TABRIZ – Les Gardiens de la révolution iraniens ont formellement démenti mardi les informations faisant état d’une attaque de drone dans la ville de Tabriz, dans le nord-ouest du pays, au moment où la région reste sous tension en raison d’un cessez-le-feu fragile entre l’Iran et Israël.
Trois sites d’information iraniens ont rapporté la déclaration officielle des Gardiens, réfutant les rumeurs qui ont circulé plus tôt dans la journée. Certains médias locaux avaient indiqué que les systèmes de défense aérienne avaient été brièvement activés dans la région, ce qui avait nourri les spéculations sur une éventuelle incursion ou tentative de frappe par drone.
L’incident présumé survient alors qu’un cessez-le-feu précaire est en vigueur entre Téhéran et Tel-Aviv, après près de deux semaines d’affrontements militaires et de frappes réciproques. Si les deux parties ont déclaré publiquement vouloir éviter une escalade, plusieurs épisodes récents, y compris l’interception par Israël de drones « probablement iraniens », ont jeté le doute sur la solidité de cette trêve.
Les autorités iraniennes n’ont pas précisé les raisons exactes de l’activation des systèmes de défense à Tabriz, se contentant d’affirmer qu’aucune attaque n’avait eu lieu. Aucun dégât ni victime n’a été signalé, et la situation semble être revenue au calme.

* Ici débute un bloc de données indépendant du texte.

lemma next_above_ge_nearest: "r \<le> next_above n x i0 j 0"
proof (cases "next_above n x i0 j 0 = 2")
  case False
  then obtain m where "m < n" "0 < edge_coord j (x m)" "edge_coord j (x m) = next_above n x i0 j 0"
    using next_above_cases[of n x i0 j 0] by auto
  then show ?thesis
    using coord_outside_nearest[of m j] nearest_position by auto
qed (use nearest_position in simp)

lemma center_deviation_edge_payoff:
  assumes "j \<in> {1..k}"
  shows "next_above n x i0 j 0 / 2 \<le> edge_payoff n (x(i0 := center)) i0 j"
proof -
  let ?w = "next_above n x i0 j 0"
  have "?w / 2 - 0 \<le> edge_payoff n (x(i0 := center)) i0 j"
  proof (rule edge_payoff_update_ge_cell[OF i0(1) snd_player_nonneg, where l = "- r" and r = ?w])
    fix m assume "m < n" "m \<noteq> i0"
    then show "edge_coord j (x m) \<le> - r \<or> ?w \<le> edge_coord j (x m)"
      using next_above_gap[of m n i0 j x 0] coord_outside_nearest[of m j] nearest_position by auto
  qed (use assms next_above_ge_nearest[of j] next_above_le[of n x i0 j 0] nearest_position
      in \<open>auto simp: edge_coord_def center_def\<close>)
  then show ?thesis
    by simp
qed
(* Let $\varphi:\mathcal K\to[0,\infty)$ be a completely alternating, upper semicontinuous set-function with $\varphi(\emptyset)=0$, and let $\nu_\varphi$ be a locally finite measure on $\mathcal F'$ such that $\nu_\varphi(\mathcal F_K)=\varphi(K)$ for all $K\in\mathcal K$. Then for every $f\in\mathrm{USC}$, $$\int f\,d\varphi=\int_{\mathcal F'} f^\vee\,d\nu_\varphi\qquad\text{and}\qquad \int^e f\,d\varphi=\int^e f^\vee\,d\nu_\varphi ,$$ where on the right the first integral is the Lebesgue integral and the second is $\int^e g\,d\nu_\varphi:=\sup_{t>0} t\,\nu_\varphi(\{F\in\mathcal F':\ g(F)\ge t\})$.
   Context: $E$ is a locally compact Hausdorff second countable space; $\mathcal K$ and $\mathcal F$ denote the families of compact and closed subsets of $E$, $\mathcal F'=\mathcal F\setminus\{\emptyset\}$, and for $K\in\mathcal K$, $\mathcal F_K=\{F\in\mathcal F:\ F\cap K\neq\emptyset\}$; $\mathcal F'$ carries the $\sigma$-algebra generated by the sets $\mathcal F_K$, $K\in\mathcal K$. A measure $\nu$ on $\mathcal F'$ is locally finite if $\nu(\mathcal F_K)<\infty$ for all $K\in\mathcal K$. $\varphi:\mathcal K\to[0,\infty)$ is completely alternating if the recursively defined differences $\Delta_{K_1}\varphi(K)=\varphi(K)-\varphi(K\cup K_1)$, $\Delta_{K_n}\cdots\Delta_{K_1}\varphi(K)=\Delta_{K_{n-1}}\cdots\Delta_{K_1}\varphi(K)-\Delta_{K_{n-1}}\cdots\Delta_{K_1}\varphi(K\cup K_n)$ are $\le 0$ for all $n\ge1$ and $K,K_1,\dots,K_n\in\mathcal K$; it is upper semicontinuous if $\varphi(K_n)\downarrow\varphi(K)$ whenever $K_n\downarrow K$ in $\mathcal K$. $\mathrm{USC}$ is the family of bounded non-negative upper semicontinuous functions on $E$ with relatively compact support $\{f\neq0\}$ (so $\{f\ge t\}\in\mathcal K$ for $t>0$). For $f\in\mathrm{USC}$: Choquet integral $\int f\,d\varphi=\int_0^\infty\varphi(\{f\ge t\})\,dt$; extremal integral $\int^e f\,d\varphi=\sup\{\varphi(K)\inf_{x\in K}f(x):\ K\in\mathcal K\}$. For a closed set $F$, $f^\vee(F)=\sup_{x\in F}f(x)$. *)

theory Defs
  imports "HOL-Analysis.Analysis"
begin

text \<open>Iterated differences. The list [K_n, ..., K_1] encodes Delta_{K_n} ... Delta_{K_1} phi(K).\<close>
fun Delta :: "('a set \<Rightarrow> real) \<Rightarrow> 'a set list \<Rightarrow> 'a set \<Rightarrow> real" where
  "Delta \<phi> [] K = \<phi> K"
| "Delta \<phi> (Kn # Ks) K = Delta \<phi> Ks K - Delta \<phi> Ks (K \<union> Kn)"

definition completely_alternating :: "('a::topological_space set \<Rightarrow> real) \<Rightarrow> bool" where
  "completely_alternating \<phi> \<longleftrightarrow>
     (\<forall>Ks K. Ks \<noteq> [] \<and> compact K \<and> (\<forall>L\<in>set Ks. compact L) \<longrightarrow> Delta \<phi> Ks K \<le> 0)"

definition usc_setfun :: "('a::topological_space set \<Rightarrow> real) \<Rightarrow> bool" where
  "usc_setfun \<phi> \<longleftrightarrow>
     (\<forall>Kn :: nat \<Rightarrow> 'a set. (\<forall>n. compact (Kn n)) \<and> decseq Kn \<longrightarrow>
        (\<lambda>n. \<phi> (Kn n)) \<longlonglongrightarrow> \<phi> (\<Inter>n. Kn n))"

definition hitting :: "'a::topological_space set \<Rightarrow> 'a set set" where
  "hitting K = {F. closed F \<and> F \<noteq> {} \<and> F \<inter> K \<noteq> {}}"

definition closed_nonempty :: "'a::topological_space set set" where
  "closed_nonempty = {F. closed F \<and> F \<noteq> {}}"

definition USC :: "('a::topological_space \<Rightarrow> real) set" where
  "USC = {f. bounded (range f) \<and> (\<forall>x. f x \<ge> 0) \<and> (\<forall>t. open {x. f x < t})
              \<and> compact (closure {x. f x \<noteq> 0})}"

definition choquet_integral :: "('a \<Rightarrow> real) \<Rightarrow> ('a set \<Rightarrow> real) \<Rightarrow> ennreal" where
  "choquet_integral f \<phi> = (\<integral>\<^sup>+ t. indicator {0<..} t * ennreal (\<phi> {x. f x \<ge> t}) \<partial>lborel)"

definition extremal_integral :: "('a::topological_space \<Rightarrow> real) \<Rightarrow> ('a set \<Rightarrow> real) \<Rightarrow> ennreal" where
  "extremal_integral f \<phi> = (SUP K\<in>{K. compact K}. ennreal (\<phi> K * Inf (f ` K)))"

definition sup_on :: "('a \<Rightarrow> real) \<Rightarrow> 'a set \<Rightarrow> real" where
  "sup_on f F = Sup (f ` F)"

definition extremal_integral_measure :: "('b \<Rightarrow> real) \<Rightarrow> 'b measure \<Rightarrow> ennreal" where
  "extremal_integral_measure g M = (SUP t\<in>{0<..}. ennreal t * emeasure M {F\<in>space M. g F \<ge> t})"

end

theory Submission
  imports Defs
begin

text \<open>Since \<open>f\<close> is upper semicontinuous with compact support, the supremum of \<open>f\<close> over a
  nonempty closed set is attained. Hence the level set \<open>{F. t \<le> f\<^sup>\<or>(F)}\<close> is exactly the
  hitting family \<open>\<F>\<^sub>K\<close> of the compact level set \<open>K = {t \<le> f}\<close>, whose \<open>\<nu>\<close>-measure is
  \<open>\<phi>(K)\<close>. The Choquet integral is then the layer-cake formula for \<open>\<integral> f\<^sup>\<or> d\<nu>\<close>, and both
  extremal integrals reduce to \<open>sup\<^sub>t t \<phi>({t \<le> f})\<close>, using only that \<open>\<phi>\<close> is monotone.\<close>

lemma USC_D:
  assumes "f \<in> USC"
  shows "0 \<le> f x" "open {x. f x < t}" "compact (closure {x. f x \<noteq> 0})"
  using assms unfolding USC_def by auto

lemma USC_level_compact:
  assumes "f \<in> USC" "0 < t"
  shows "compact {x. t \<le> f x}"
proof -
  have "{x. t \<le> f x} = - {x. f x < t}"
    by auto
  then have "closed {x. t \<le> f x}"
    using USC_D(2)[OF assms(1)] by (simp add: closed_def)
  then have "compact (closure {x. f x \<noteq> 0} \<inter> {x. t \<le> f x})"
    using USC_D(3)[OF assms(1)] by (rule compact_Int_closed[rotated])
  moreover have "closure {x. f x \<noteq> 0} \<inter> {x. t \<le> f x} = {x. t \<le> f x}"
    using assms(2) closure_subset by fastforce
  ultimately show ?thesis
    by simp
qed

lemma usc_attains_max:
  fixes f :: "'a::topological_space \<Rightarrow> real"
  assumes "compact K" "K \<noteq> {}" and usc: "\<And>t. open {x. f x < t}"
  shows "\<exists>x\<in>K. \<forall>y\<in>K. f y \<le> f x"
proof (rule ccontr)
  assume "\<not> ?thesis"
  then have cover: "K \<subseteq> (\<Union>x\<in>K. {y. f y < f x})"
    by (auto simp: not_le)
  obtain D where D: "D \<subseteq> K" "finite D" "K \<subseteq> (\<Union>x\<in>D. {y. f y < f x})"
    using compactE_image[OF assms(1), of K "\<lambda>x. {y. f y < f x}"] usc cover by blast
  with assms(2) have "D \<noteq> {}" by blast
  with D(2) have "Max (f ` D) \<in> f ` D"
    by simp
  then obtain x where x: "x \<in> D" "f x = Max (f ` D)"
    by auto
  then obtain z where "z \<in> D" "f x < f z"
    using D(1,3) by blast
  moreover have "f z \<le> Max (f ` D)"
    using D(2) \<open>z \<in> D\<close> by simp
  ultimately show False
    using x(2) by linarith
qed

lemma USC_sup_on_attained:
  assumes "f \<in> USC" "closed F" "F \<noteq> {}"
  shows "\<exists>x\<in>F. sup_on f F = f x \<and> (\<forall>y\<in>F. f y \<le> f x)"
proof -
  let ?C = "closure {x. f x \<noteq> 0}"
  have "{x. f x \<noteq> 0} \<subseteq> ?C"
    by (rule closure_subset)
  then have outside: "f y = 0" if "y \<notin> ?C" for y
    using that by blast
  obtain x where x: "x \<in> F" "\<forall>y\<in>F. f y \<le> f x"
  proof (cases "F \<inter> ?C = {}")
    case True
    obtain x where "x \<in> F"
      using assms(3) by blast
    moreover have "\<forall>y\<in>F. f y = 0"
      using True outside by blast
    ultimately show ?thesis
      using that by force
  next
    case False
    have "compact (F \<inter> ?C)"
      by (rule closed_Int_compact[OF assms(2) USC_D(3)[OF assms(1)]])
    then obtain x where x: "x \<in> F \<inter> ?C" "\<forall>y\<in>F \<inter> ?C. f y \<le> f x"
      using usc_attains_max[OF _ False USC_D(2)[OF assms(1)]] by auto
    have "f y \<le> f x" if "y \<in> F" for y
      using that x outside[of y] USC_D(1)[OF assms(1), of x] by (cases "y \<in> ?C") auto
    with x(1) that show ?thesis by blast
  qed
  then have "sup_on f F = f x"
    unfolding sup_on_def by (intro cSup_eq_maximum) auto
  with x show ?thesis by blast
qed

lemma USC_sup_on_nonneg:
  assumes "f \<in> USC" "closed F" "F \<noteq> {}"
  shows "0 \<le> sup_on f F"
proof -
  obtain x where "sup_on f F = f x"
    using USC_sup_on_attained[OF assms] by blast
  then show ?thesis
    using USC_D(1)[OF assms(1)] by simp
qed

Ces démentis interviennent dans un climat régional marqué par une extrême méfiance, où chaque mouvement militaire est scruté avec attention. Le gouvernement iranien accuse régulièrement ses adversaires de mener des opérations de renseignement ou des actions de sabotage sur son territoire, notamment via des drones ou des cyberattaques.
L’épisode de Tabriz souligne une fois de plus l’extrême volatilité du conflit latent entre l’Iran et Israël, et les risques de malentendus ou d’escalade incontrôlée dans une région déjà au bord de l’embrasement.